The last time I had a Poulan a good friend who had been a logger looked at me in horror and frog-marched me back to the store. In his day they had lousy anti-kickback which left one of his friends severely brain-damaged. Maybe Poulan has improved since then. Dunno. Our next saw was a McCulloch. We never had any complaints about it. Stihl and Husqvarna are very good brands but a little more expensive.


----------



## theletch1 (Feb 3, 2009)

The Poulan was free.  Can't beat that price.  Had tons of problems with the chain jumping, hard starting, the spring popped on a regular basis and the pull cord may have been sewing thread.  It just wasn't worth the head ache any more.  I never really had too much problem with kick back and that was with the majority of what I cut being blow down locust.  I hadn't thought about McCulloch until you mentioned it.  I don't recall seeing any.  Home Depot had a couple of house brands that I didn't care for so wound up at Lowe's.  I've used it twice since buying it and have been impressed so far.  It's a bit heavy but I knew that going in and have NO kick back at all.  This model is supposed to be low vibration and I can certainly tell the difference between it and the old Poulan.


----------



## searcher (Feb 3, 2009)

I am a Stihl man myself.   I have run various sizes over the years, butI tend to lean towards a 20" bar and a motor size to run it hard.   The older 036-044 motor size was perfect, but any one this page: http://www.stihlusa.com/chainsaws/professional.html will work just fine.


----------



## Shuto (Feb 3, 2009)

I've never used a Husqvarna before.  

I burn ~ two cords a year which I cut and split myself.  I have a smaller Stihl, I think it's the 026 model, which I bought with a 20 inch bar.  I really didn't like the balance of it with the 20 inch bar so I bought a 16 inch which I really like for most cutting.  I use the 20 inch bar for bigger logs.  

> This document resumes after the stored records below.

(* Let $N=2$ and let $k\in\mathbb{R}$, $k\ge1$. Then $$\lim_{p\to+\infty}\lambda_1(B_1^{\pi/k};p)^{1/p}=\frac{1+\sin\left(\frac{\pi}{2k}\right)}{\sin\left(\frac{\pi}{2k}\right)}.$$ In particular $\lim_{p\to+\infty}\tau_k(p)^{1/p}=\frac{1+\sin(\pi/(2k))}{\sin(\pi/(2k))}$ for all $k\in\mathbb{N}$, and $\lim_{p\to+\infty}\tau_1(p)^{1/p}=2$, $\lim_{p\to+\infty}\tau_2(p)^{1/p}\approx2.41421$, $\lim_{p\to+\infty}\tau_3(p)^{1/p}=3$.
   Context: For a bounded domain $\Omega\subset\mathbb{R}^2$ and $p>1$, $\lambda_1(\Omega;p)=\inf\{\int_\Omega|\nabla u|^p\,dx:u\in W_0^{1,p}(\Omega),\ \|u\|_{L^p(\Omega)}=1\}$ is the first Dirichlet eigenvalue of the $p$-Laplacian. For real $k\ge1$, $B_1^{\pi/k}=\{(\rho\cos\theta,\rho\sin\theta):0<\rho<1,\ 0<\theta<\pi/k\}$; for $k\in\mathbb{N}$, $\tau_k(p)=\lambda_1(B_1^{\pi/k};p)$. *)

theory Defs
  imports "HOL-Analysis.Analysis"
begin

definition grad :: "(real \<times> real \<Rightarrow> real) \<Rightarrow> real \<times> real \<Rightarrow> real \<times> real" where
  "grad u x = (frechet_derivative u (at x) (1, 0), frechet_derivative u (at x) (0, 1))"

definition Cc1 :: "(real \<times> real) set \<Rightarrow> (real \<times> real \<Rightarrow> real) set" where
  "Cc1 \<Omega> = {\<phi>. (\<forall>x. \<phi> differentiable (at x)) \<and> continuous_on UNIV (grad \<phi>)
      \<and> compact (closure {x. \<phi> x \<noteq> 0}) \<and> closure {x. \<phi> x \<noteq> 0} \<subseteq> \<Omega>}"
text \<open>Points of Z^d are modelled as int ^ 'd for a finite index type 'd (d = CARD('d)).
  The canonical basis vector e_i is axis i 1; a flow is indexed by the basis index i :: 'd.\<close>

definition basis_vec :: "'d::finite \<Rightarrow> int ^ 'd" where
  "basis_vec i = axis i 1"

definition Lam :: "nat \<Rightarrow> (int ^ 'd::finite) set" where
  "Lam l = {z. \<forall>i. 0 \<le> z $ i \<and> z $ i \<le> int l - 1}"

definition punif :: "nat \<Rightarrow> int ^ 'd::finite \<Rightarrow> real" where
  "punif l z = (if z \<in> Lam l then 1 / real l ^ CARD('d) else 0)"

definition qconv :: "nat \<Rightarrow> int ^ 'd::finite \<Rightarrow> real" where
  "qconv l z = (\<Sum>y\<in>Lam l. punif l y * punif l (z - y))"

definition point_mass :: "int ^ 'd::finite \<Rightarrow> real" where
  "point_mass z = (if z = 0 then 1 else 0)"

definition flow_supported_in :: "(int ^ 'd::finite \<Rightarrow> 'd \<Rightarrow> real) \<Rightarrow> (int ^ 'd) set \<Rightarrow> bool" where
  "flow_supported_in \<phi> \<Lambda> \<longleftrightarrow>
     (\<forall>x b. \<phi> x b \<noteq> 0 \<longrightarrow> x \<in> \<Lambda> \<and> x + basis_vec b \<in> \<Lambda>)"

definition flow_connects :: "(int ^ 'd::finite \<Rightarrow> 'd \<Rightarrow> real) \<Rightarrow> (int ^ 'd \<Rightarrow> real) \<Rightarrow> (int ^ 'd \<Rightarrow> real) \<Rightarrow> bool" where
  "flow_connects \<phi> p q \<longleftrightarrow>
     (\<forall>z. p z - q z = (\<Sum>b\<in>UNIV. \<phi> z b - \<phi> (z - basis_vec b) b))"

definition g_d :: "nat \<Rightarrow> nat \<Rightarrow> real" where
  "g_d d l = (if d = 1 then real l else if d = 2 then ln (real l) else 1)"

end

theory Submission
  imports Defs
begin

text \<open>
  q_t is the product over the coordinates of the one-dimensional triangular law tri t, the law
  of the sum of two independent uniform variables on {0..t-1}; in particular q_1 is the point
  mass at 0. The flow is the sum over 1 \<le> t < l of flows \<Phi>_t (step_flow) connecting q_t to
  q_(t+1). In one dimension, tri t - tri (t+1) is the discrete derivative of its running sum
  tri_flow t, which lives on [0, 2t-1] and is bounded by 6/t because every point mass changes
  by O(1/t^2). Replacing the coordinate laws of q_t by those of q_(t+1) one at a time, the
  replacement of coordinate b is carried by tri_flow t (z_b) times a product of
  one-dimensional laws, hence |\<Phi>_t| \<le> 6 t^(-d) and ||\<Phi>_t||_1 \<le> 12 d. For the energy, (\<Sum>_t a_t)^2 \<le> 2 \<Sum>_(s \<le> t) a_s a_t pairs the
  l^1 norm of \<Phi>_s with the sup norm of \<Phi>_t, so the energy is
  O(d \<Sum>_(t<l) t^(1-d)) = O(d g_d(l)).
\<close>

section \<open>One-dimensional triangular laws\<close>

definition sum_reps :: "nat \<Rightarrow> int \<Rightarrow> int set" where
  "sum_reps t k = {y \<in> {0..int t - 1}. k - y \<in> {0..int t - 1}}"

definition tri :: "nat \<Rightarrow> int \<Rightarrow> real" where
  "tri t k = real (card (sum_reps t k)) / (real t)\<^sup>2"

definition tri_flow :: "nat \<Rightarrow> int \<Rightarrow> real" where
  "tri_flow t k = (\<Sum>j\<in>{0..k}. tri t j - tri (Suc t) j)"

lemma finite_sum_reps [simp]: "finite (sum_reps t k)"
  unfolding sum_reps_def by (rule finite_subset [of _ "{0..int t - 1}"]) auto

lemma card_sum_reps_le: "card (sum_reps t k) \<le> t"
proof -
  have "card (sum_reps t k) \<le> card {0..int t - 1}"
    unfolding sum_reps_def by (intro card_mono) auto
  then show ?thesis by simp
qed

lemma card_sum_reps_mono: "card (sum_reps t k) \<le> card (sum_reps (Suc t) k)"
  by (intro card_mono finite_sum_reps) (auto simp: sum_reps_def)

lemma card_sum_reps_Suc_le: "card (sum_reps (Suc t) k) \<le> card (sum_reps t k) + 2"
proof -
  have "sum_reps (Suc t) k \<subseteq> insert (int t) (insert (k - int t) (sum_reps t k))"
    unfolding sum_reps_def by auto
  then have "card (sum_reps (Suc t) k) \<le> card (insert (int t) (insert (k - int t) (sum_reps t k)))"
    by (intro card_mono) auto
  also have "\<dots> \<le> card (sum_reps t k) + 2"
    by (simp add: card_insert_if)
  finally show ?thesis .
qed

lemma card_sum_reps_eq_sum:
  "real (card (sum_reps t k)) = (\<Sum>y\<in>{0..int t - 1}. of_bool (k - y \<in> {0..int t - 1}))"
  by (simp add: sum_reps_def Int_def)

lemma tri_nonneg: "0 \<le> tri t k"
  by (simp add: tri_def)

lemma tri_le: "t \<ge> 1 \<Longrightarrow> tri t k \<le> 1 / real t"
  using card_sum_reps_le[of t k]
  by (simp add: tri_def power2_eq_square divide_simps)

lemma tri_eq_0:
  assumes "k < 0 \<or> 2 * int t - 2 < k"
  shows "tri t k = 0"
proof -
  have "sum_reps t k = {}"
    using assms by (auto simp: sum_reps_def)
  then show ?thesis by (simp add: tri_def)
qed

lemma tri_1: "tri 1 k = of_bool (k = 0)"
proof -
  have "sum_reps 1 k = (if k = 0 then {0} else {})"
    unfolding sum_reps_def by auto
  then show ?thesis by (simp add: tri_def)
qed

lemma sum_tri:
  assumes "t \<ge> 1" "finite K" "{0..2 * int t - 2} \<subseteq> K"
  shows "(\<Sum>k\<in>K. tri t k) = 1"
proof -
  have "(\<Sum>k\<in>K. real (card (sum_reps t k)))
      = (\<Sum>y\<in>{0..int t - 1}. \<Sum>k\<in>K. of_bool (k - y \<in> {0..int t - 1}))"
    unfolding card_sum_reps_eq_sum by (rule sum.swap)
  also have "\<dots> = (\<Sum>y\<in>{0..int t - 1}. real t)"
  proof (rule sum.cong [OF refl])
    fix y assume "y \<in> {0..int t - 1}"
    then have "K \<inter> {k. k - y \<in> {0..int t - 1}} = {y..y + int t - 1}"
      using assms(3) by auto
    then show "(\<Sum>k\<in>K. of_bool (k - y \<in> {0..int t - 1})) = real t"
      using assms(2) by simp
  qed
  finally show ?thesis
    using assms(1) by (simp add: tri_def power2_eq_square flip: sum_divide_distrib)
qed

lemma sum_tri_le_1:
  assumes "t \<ge> 1" "finite K"
  shows "(\<Sum>k\<in>K. tri t k) \<le> 1"
proof -
  have "(\<Sum>k\<in>K. tri t k) \<le> (\<Sum>k\<in>K \<union> {0..2 * int t - 2}. tri t k)"
    using assms(2) by (intro sum_mono2) (auto simp: tri_nonneg)
  also have "\<dots> = 1"
    using assms by (intro sum_tri) auto
  finally show ?thesis .
qed

lemma abs_tri_diff_le:
  assumes "t \<ge> 1"
  shows "\<bar>tri t k - tri (Suc t) k\<bar> \<le> 2 / (real t)\<^sup>2"
proof -
  define T where "T = real t"
  define c where "c = real (card (sum_reps t k))"
  define c' where "c' = real (card (sum_reps (Suc t) k))"
  have T: "1 \<le> T" and c: "0 \<le> c" "c \<le> T" "c \<le> c'" "c' \<le> c + 2"
    using assms card_sum_reps_le[of t k] card_sum_reps_mono[of t k] card_sum_reps_Suc_le[of t k]
    by (simp_all add: T_def c_def c'_def)
  \<comment> \<open>Split the difference into the effect of the larger normalisation and of the new pairs.\<close>
  define A where "A = c / T\<^sup>2 - c / (T + 1)\<^sup>2"
  define B where "B = (c' - c) / (T + 1)\<^sup>2"
  have "tri t k - tri (Suc t) k = c / T\<^sup>2 - c' / (T + 1)\<^sup>2"
    by (simp add: tri_def T_def c_def c'_def add.commute)
  also have "\<dots> = A - B"
    by (simp add: A_def B_def diff_divide_distrib)
  finally have "tri t k - tri (Suc t) k = A - B" .
  moreover have "0 \<le> A" "A \<le> 2 / T\<^sup>2"
  proof -
    have A: "A = c * (2 * T + 1) / (T\<^sup>2 * (T + 1)\<^sup>2)"
      using T by (simp add: A_def divide_simps) (simp add: power2_eq_square algebra_simps)
    show "0 \<le> A"
      using T c by (simp add: A)
    have "c * (2 * T + 1) \<le> T * (2 * T + 1)"
      using T c by (intro mult_right_mono) auto
    also have "\<dots> \<le> 2 * (T + 1)\<^sup>2"
      using T by (simp add: power2_eq_square algebra_simps)
    finally show "A \<le> 2 / T\<^sup>2"
      using T by (simp add: A divide_simps mult.commute)
  qed
  moreover have "0 \<le> B" "B \<le> 2 / T\<^sup>2"
  proof -
    show "0 \<le> B" using c by (simp add: B_def)
    have "B \<le> 2 / (T + 1)\<^sup>2"
      using c by (simp add: B_def divide_right_mono)
    also have "\<dots> \<le> 2 / T\<^sup>2"
      using T by (intro divide_left_mono power_mono) auto
    finally show "B \<le> 2 / T\<^sup>2" .
  qed
  ultimately show ?thesis
    by (simp add: T_def abs_le_iff)
qed

lemma tri_flow_diff: "tri_flow t k - tri_flow t (k - 1) = tri t k - tri (Suc t) k"
proof (cases "k \<ge> 0")
  case True
  then have "{0..k} = insert k {0..k - 1}" by auto
  then show ?thesis by (simp add: tri_flow_def)
next
  case False
  then show ?thesis by (simp add: tri_flow_def tri_eq_0)
qed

I've cut a fair amount of wood in my lifetime and I've never had any issues with kickback.  I cut my wood as close to the motor as possible and I try to keep the tip in the air.  I wonder if there's a connection?


----------



## Tomu (Feb 4, 2009)

If I didn't run a stihl, I'd have a Husky.  Never owned one, but friends have had them and they are good saws.  After I bought my first stihl I never looked at another saw!


----------



## FieldDiscipline (Feb 4, 2009)

Whenever I have used a Husqvarna I have always found them good bits of kit.


----------



## HM2PAC (Feb 22, 2009)

I like Stihl. Husqy's are nice also.

I cut and split 8-10 cord last year. My Stihl FarmBoss held up just fine.

Got another 10 cord to work this summer, and I have no doubts that it will continue to chug right along.


----------



## FieldDiscipline (Feb 22, 2009)

Just checked which model - Husqvarna model 181 SE.  Good bit of kit.


----------



## MA-Caver (Feb 22, 2009)

theletch1 said:


> The Poulan was free.


I'm sure after all the problems you had with it you figured out WHY it was free. The previous owner decided to leave that p.o.s. behind. I would've. 

In my day I knew only of Stihl and McCulloch and have used both (this was when I was a teenager -- under direct supervision of course). Haven't used a Husky but heard good things from others. Just stay away from the neon green ones and I think you'll be alright. 


One of the things while learning was kick back dangers, scary stuff ... also learning proper holding, stance, etc. It was almost like learning a MA because those things are so dangerous. I can imagine a majority of chain-saw accidents are due to inexperienced/untrained handling. 

One of the other things I wished I learnt how to do with those machines is the "drop-start" method. Never could quite get the hang of it.


----------



## HKphooey (Feb 22, 2009)

Stil and Husqvarna are my saws of choice.  Both work great.


----------



## searcher (Feb 24, 2009)

BTW-my trimming saw is a Homelite XL14.    It is a nice saw for tearing up.   And it is easier to climb with then the Stihl.


I thought I would share.


----------



## theletch1 (Feb 24, 2009)

searcher said:


> BTW-my trimming saw is a Homelite XL14. It is a nice saw for tearing up. And it is easier to climb with then the Stihl.
> 
> 
> I thought I would share.


 I've used a couple of Homelites in the past.  They were great for the first season or two but then began having problems getting them to start and idle.  Of course, they weren't mine so that could have been due to poor maintanance.  

I've used the Husky several times since getting it and have had nothing but good luck with it.  I invested in the files and guides that Husky suggests instead of using the 12v sharpener that I used on the Poulan.  I've actually gotten to a point where I enjoy taking time in the evening sharpening the chain.  It's almost a zen thing.


----------



## Xue Sheng (Feb 24, 2009)

I found the PERFECT chainsaw for you

Big Gus


----------



## searcher (Feb 24, 2009)

theletch1-that is why I use the Hoemlite for trimming ONLY.

But trust me, lugging a big ole Stihl up a tree sucks even more than using a throw-away saw.


----------



## Joe1957 (Apr 13, 2011)

Husky for me.... Had one for 3 yrs now and other than just general maint. no problems.


----------